Uma reforma improvável

A comissão especial do Senado volta a se reunir depois de amanhã para o exame dos pontos mais polêmicos da reforma política - financiamento público de campanha, cláusula de barreira, fidelidade partidária e candidaturas avulsas.

João Ubaldo Ribeiro, O Estado de S.Paulo

03 Abril 2011 | 00h00

A comissão já aprovou o fim da reeleição para cargos majoritários, com mandato de cinco anos, fim das coligações e adoção do voto em lista fechada nas eleições proporcionais.

A velocidade da aprovação do projeto no Senado, porém, está longe de representar um avanço concreto, porque senadores e deputados não falam a mesma língua no que diz respeito à reforma.

O voto majoritário para deputados, batizado de "distritão", defendido pelo vice-presidente da República, Michel Temer (PMDB), não tem sequer o apoio da maioria do seu partido.

PT e PC do B querem o voto proporcional com lista partidária fechada para as eleições proporcionais, já derrotada na Câmara, em 2009, por um bloco formado por PR, PP, PTB e PDT.

O PT já avisou, por meio do ex-ministro José Dirceu, que considera o fim da reeleição uma estratégia contra o partido.

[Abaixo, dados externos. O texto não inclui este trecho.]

lemma cocycle_shadows_past_flow:
  assumes "compact K" "W \<ge> 0" "\<epsilon> > 0"
  obtains T1 where "\<And>s y \<tau>. s \<le> T1 \<Longrightarrow> y \<in> K \<Longrightarrow> \<tau> \<in> {0..W} \<Longrightarrow>
    dist (\<Phi> (s+\<tau>) s y) (\<phi>m \<tau> y) < \<epsilon>"
proof -
  obtain R where R: "\<And>y \<tau>. y \<in> K \<Longrightarrow> \<tau> \<in> {0..W} \<Longrightarrow> norm (\<phi>m \<tau> y) \<le> R"
    using flow_bounded_on_compact[OF assms(1)] by blast
  obtain B where cmp: "comparison_constant f lm lp R B"
    using comparison_constant_exists[OF C1, of lm lp R] by blast
  have "B > 0" using cmp by (rule comparison_constant_pos)
  define c where "c = exp ((2*B+1)*W)"
  obtain \<delta> where "\<delta> > 0" and \<delta>: "c * \<delta>^2 < min 1 (\<epsilon>^2)"
    using small_square_below[of c \<epsilon>] \<open>\<epsilon> > 0\<close> by (auto simp: c_def)
  have "(\<Lambda> \<longlongrightarrow> lm) at_bot" using shift unfolding parameter_shift_def by blast
  then obtain N where N: "\<And>x. x \<le> N \<Longrightarrow> \<bar>\<Lambda> x - lm\<bar> < \<delta> / B"
    using \<open>\<delta> > 0\<close> \<open>B > 0\<close> unfolding tendsto_iff eventually_at_bot_linorder dist_real_def
    by (metis divide_pos_pos)
  have "dist (\<Phi> (s+\<tau>) s y) (\<phi>m \<tau> y) < \<epsilon>" if "s \<le> N / r - W" "y \<in> K" "\<tau> \<in> {0..W}" for s y \<tau>
  proof -
    let ?x = "\<lambda>\<sigma>. \<phi>m (\<sigma> + - s) y"
    have "norm (?x (s+\<tau>) - \<Phi> (s+\<tau>) s y)^2
        \<le> exp ((2*B+1)*\<bar>s+\<tau>-s\<bar>) * (norm (?x s - \<Phi> s s y)^2 + (B*(\<delta>/B))^2)"
    proof (rule comparison_constantD[OF cmp _ ode_solution_cocycle
          range_past_parameter range_parameter])
      show "ode_solution f (\<lambda>_. lm) ?x"
        using ode_solution_shift[OF ode_solution_flow, of "- s"] by simp
      fix \<sigma> assume \<sigma>: "\<sigma> \<in> {min s (s+W)..max s (s+W)}"
      then have "\<sigma> \<le> N / r" using that(1) \<open>W \<ge> 0\<close> by auto
      then have "r * \<sigma> \<le> N" using r_pos by (simp add: pos_le_divide_eq mult.commute)
      then show "norm (?x \<sigma>) \<le> R \<and> \<bar>lm - \<Lambda> (r * \<sigma>)\<bar> \<le> \<delta> / B"
        using R[OF that(2), of "\<sigma> - s"] N[of "r * \<sigma>"] \<sigma> \<open>W \<ge> 0\<close> by (simp add: abs_minus_commute)
    qed (use \<delta> \<open>B > 0\<close> \<open>W \<ge> 0\<close> that(3) in \<open>auto simp: c_def\<close>)
    also have "\<dots> \<le> c * \<delta>^2"
      using that(3) \<open>B > 0\<close> by (auto simp: c_def intro!: mult_right_mono)
    finally have "norm (\<phi>m \<tau> y - \<Phi> (s+\<tau>) s y)^2 < \<epsilon>^2" using \<delta> by simp
    then show ?thesis
      using \<open>\<epsilon> > 0\<close> by (simp add: dist_norm norm_minus_commute power_less_imp_less_base)
  qed
  then show ?thesis using that by blast
qed

lemma absorbing_sublevel:
  assumes "\<rho> > 0" and att: "\<And>y. infdist y Am \<le> \<rho> \<Longrightarrow> ((\<lambda>t. infdist (\<phi>m t y) Am) \<longlongrightarrow> 0) at_top"
  defines "K \<equiv> {y. infdist y Am \<le> \<rho>}"
  obtains T T0 where "T > 0" "\<And>s y. s \<le> T0 \<Longrightarrow> y \<in> K \<Longrightarrow> \<Phi> (s+T) s y \<in> K"
    "bounded (\<Union>s\<in>{..T0}. \<Phi> T0 s ` K)"
proof -
  have "compact K" unfolding K_def by (rule compact_attractor_neighbourhood) fact
  obtain L where L: "\<And>y \<tau>. y \<in> K \<Longrightarrow> L \<le> \<tau> \<Longrightarrow> infdist (\<phi>m \<tau> y) Am < \<rho>/2"
    using uniform_attraction[OF \<open>\<rho> > 0\<close> att, of "\<rho>/2"] \<open>\<rho> > 0\<close> unfolding K_def by auto
  define T where "T = max L 1"
  have "T > 0" by (simp add: T_def)
  obtain T0 where T0: "\<And>s y \<tau>. s \<le> T0 \<Longrightarrow> y \<in> K \<Longrightarrow> \<tau> \<in> {0..T} \<Longrightarrow>
      dist (\<Phi> (s+\<tau>) s y) (\<phi>m \<tau> y) < \<rho>/2"
    using cocycle_shadows_past_flow[OF \<open>compact K\<close> less_imp_le[OF \<open>T > 0\<close>] half_gt_zero[OF \<open>\<rho> > 0\<close>]]
    by blast
  obtain R where R: "\<And>y \<tau>. y \<in> K \<Longrightarrow> \<tau> \<in> {0..T} \<Longrightarrow> norm (\<phi>m \<tau> y) \<le> R"
    using flow_bounded_on_compact[OF \<open>compact K\<close>] by blast
  have step: "\<Phi> (s+T) s y \<in> K" if "s \<le> T0" "y \<in> K" for s y
    using infdist_triangle[of "\<Phi> (s+T) s y" Am "\<phi>m T y"] L[OF that(2), of T] T0[OF that, of T]
      \<open>T > 0\<close> by (simp add: K_def T_def)
  have "norm (\<Phi> T0 s y) \<le> R + \<rho>/2" if early: "s \<le> T0" "y \<in> K" for s y
  proof -
    obtain z \<tau> where z: "z \<in> K" "0 \<le> \<tau>" "\<tau> \<le> T" and eq: "\<Phi> T0 s y = \<Phi> T0 (T0 - \<tau>) z"
      by (rule absorbed_restart[where S=T0 and K=K and T=T and c=0 and u=T0 and s=s and y=y,
          OF step \<open>T > 0\<close>])
        (use early in auto)
    then show ?thesis
      using T0[of "T0 - \<tau>" z \<tau>] R[of z \<tau>] norm_triangle_ineq2[of "\<Phi> T0 s y" "\<phi>m \<tau> z"]
      by (auto simp: dist_norm)
  qed
  then have "bounded (\<Union>s\<in>{..T0}. \<Phi> T0 s ` K)"
    by (intro bounded_subset[OF bounded_cball[of 0 "R + \<rho>/2"]]) auto
  then show ?thesis using that \<open>T > 0\<close> step by blast
qed
(* Let $(R,[\cdot_\lambda\cdot],\alpha,\beta)$ be a regular BiHom-Lie conformal superalgebra, let $(M,\phi,\psi)$ be a BiHom-conformal module of $R$ with $\psi$ invertible, and let $\rho$ be the corresponding representation. Define a $\lambda$-bracket on $R\oplus M$, graded by $(R\oplus M)_\theta=R_\theta\oplus M_\theta$ and with $\partial(r+m)=\partial r+\partial m$, by $$[(r+m)_\lambda(r'+m')]_M=[r_\lambda r']+\rho(r)_\lambda m'-(-1)^{|r'||m|}\rho(\alpha^{-1}\beta(r'))_{-\partial-\lambda}\,\phi\psi^{-1}(m)$$ for homogeneous $r,r'\in R$, $m,m'\in M$. Then $(R\oplus M,[\cdot_\lambda\cdot]_M,\alpha+\phi,\beta+\psi)$ is a BiHom-Lie conformal superalgebra, where $(\alpha+\phi)(r+m)=\alpha(r)+\phi(m)$ and $(\beta+\psi)(r+m)=\beta(r)+\psi(m)$.
   Context: All spaces are over $\mathbb{C}$. For a $\mathbb{C}[\partial]$-module $V$, $V[\lambda]=\mathbb{C}[\lambda]\otimes V$. $|a|$ denotes the parity of a homogeneous element. Substitution $\lambda\mapsto-\lambda-\partial$ means: expand in powers of $\lambda$ and replace $\lambda$ by $-\lambda-\partial$, $\partial$ acting on the coefficients. A BiHom-Lie conformal superalgebra $(R,[\cdot_\lambda\cdot],\alpha,\beta)$ is a $\mathbb{Z}_2$-graded $\mathbb{C}[\partial]$-module $R$ with two commuting linear maps $\alpha,\beta$ and a $\mathbb{C}$-linear map $R\otimes R\to R[\lambda]$, $a\otimes b\mapsto[a_\lambda b]$, with $[R_{i\,\lambda}R_j]\subseteq R_{i+j}[\lambda]$, such that for all homogeneous $a,b,c$: (1) $\alpha\partial=\partial\alpha$, $\beta\partial=\partial\beta$; (2) $\alpha([a_\lambda b])=[\alpha(a)_\lambda\alpha(b)]$, $\beta([a_\lambda b])=[\beta(a)_\lambda\beta(b)]$; (3) $[(\partial a)_\lambda b]=-\lambda[a_\lambda b]$, $[a_\lambda(\partial b)]=(\partial+\lambda)[a_\lambda b]$; (4) $[\beta(a)_\lambda\alpha(b)]=-(-1)^{|a||b|}[\beta(b)_{-\lambda-\partial}\alpha(a)]$; (5) $[\alpha\beta(a)_\lambda[b_\mu c]]=[[\beta(a)_\lambda b]_{\lambda+\mu}\beta(c)]+(-1)^{|a||b|}[\beta(b)_\mu[\alpha(a)_\lambda c]]$. It is regular if $\alpha,\beta$ are bijective. A BiHom-conformal module $(M,\phi,\psi)$ of $R$ is a $\mathbb{Z}_2$-graded $\mathbb{C}[\partial]$-module $M$ with linear maps $\phi,\psi:M\to M$ and a $\mathbb{C}$-linear map $\rho$ assigning to each $a\in R$ a $\mathbb{C}$-linear map $\rho(a)_\lambda:M\to M[\lambda]$ with $\rho(a)_\lambda(M_\theta)\subseteq M_{\theta+|a|}[\lambda]$ (the representation), such that for all homogeneous $a,b\in R$: $\rho(\partial a)_\lambda=-\lambda\rho(a)_\lambda$, $\rho(a)_\lambda\partial=(\lambda+\partial)\rho(a)_\lambda$; $\phi\psi=\psi\phi$, $\psi\partial=\partial\psi$, $\phi\partial=\partial\phi$; $\phi\rho(a)_\lambda=\rho(\alpha(a))_\lambda\phi$, $\psi\rho(a)_\lambda=\rho(\beta(a))_\lambda\psi$; and $\rho([\beta(a)_\lambda b])_{\lambda+\mu}\psi=\rho(\alpha\beta(a))_\lambda\rho(b)_\mu-(-1)^{|a||b|}\rho(\beta(b))_\mu\rho(\alpha(a))_\lambda$. Here if $[x_\lambda y]=\sum_n\lambda^nc_n$ then $\rho([x_\lambda y])_{\lambda+\mu}=\sum_n\lambda^n\rho(c_n)_{\lambda+\mu}$, and maps are extended $\mathbb{C}[\lambda,\mu]$-linearly. *)

theory Defs
  imports Complex_Main "HOL-Library.Product_Plus"
begin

Legendas de médio porte, como PR, PTB, PSC, PP, não aceitam o fim das coligações nas eleições proporcionais, porque sem elas perdem competitividade eleitoral e o poder de barganha que lhes dá o tempo de TV. Tantas diferenças indicam que a reforma provavelmente será reduzida a um acordo de compadres em torno de mudanças pontuais.

Infidelidade

A defesa da fidelidade partidária começa a ficar restrita aos grandes partidos - PT, PMDB e PSDB - e, circunstancialmente, ao DEM, que vive uma sangria em seus quadros. As legendas de pequeno e médio porte querem, no mínimo, uma janela para a troca de partido a cada dois anos - ou duas vezes durante o exercício do mandato parlamentar. Mas também há os que defendam o fim puro e simples da restrição, sob o argumento de que não favorece os partidos, nem os parlamentares nem os eleitores. "Só serve aos caciques políticos", concordaram o deputado Miro Teixeira (PDT-RJ) e a senadora Kátia Abreu (TO), em encontro casual na última semana.

Sem pressa

O deputado Almeida Lima (PMDB-SE), presidente da comissão especial da Câmara, rejeita a pressão por um ritmo mais acelerado da reforma política porque entende que conspira contra a democratização do processo. Sem críticas ao ritmo veloz do Senado, ele sustenta que o debate não pode excluir a sociedade civil, que representa o eleitorado.

Código Florestal

A Frente Parlamentar da Agropecuária promove uma passeata com mais de 20 mil produtores rurais, depois de amanhã, na Esplanada dos Ministérios, pela votação imediata do texto da reforma do Código Florestal do deputado Aldo Rebelo (PC do B-SP), contestado por ambientalistas e pelo PT, mas de interesse do governo. Para o mesmo dia está programada uma mobilização de produtores rurais em todo o País. Setores do Congresso temem tumultos a partir de uma possível reação de opositores da reforma.

Ex-amigos

O prefeito de Recife, João da Costa (PT), pode enfrentar o ex-padrinho político, seu antecessor no cargo, João Paulo Lima (PT), em 2012. Aliados no passado, os dois estão rompidos. Decidido a voltar à prefeitura, mas sem apoio do PT, João Paulo negocia com o governador Eduardo Campos sua ida para o PSB.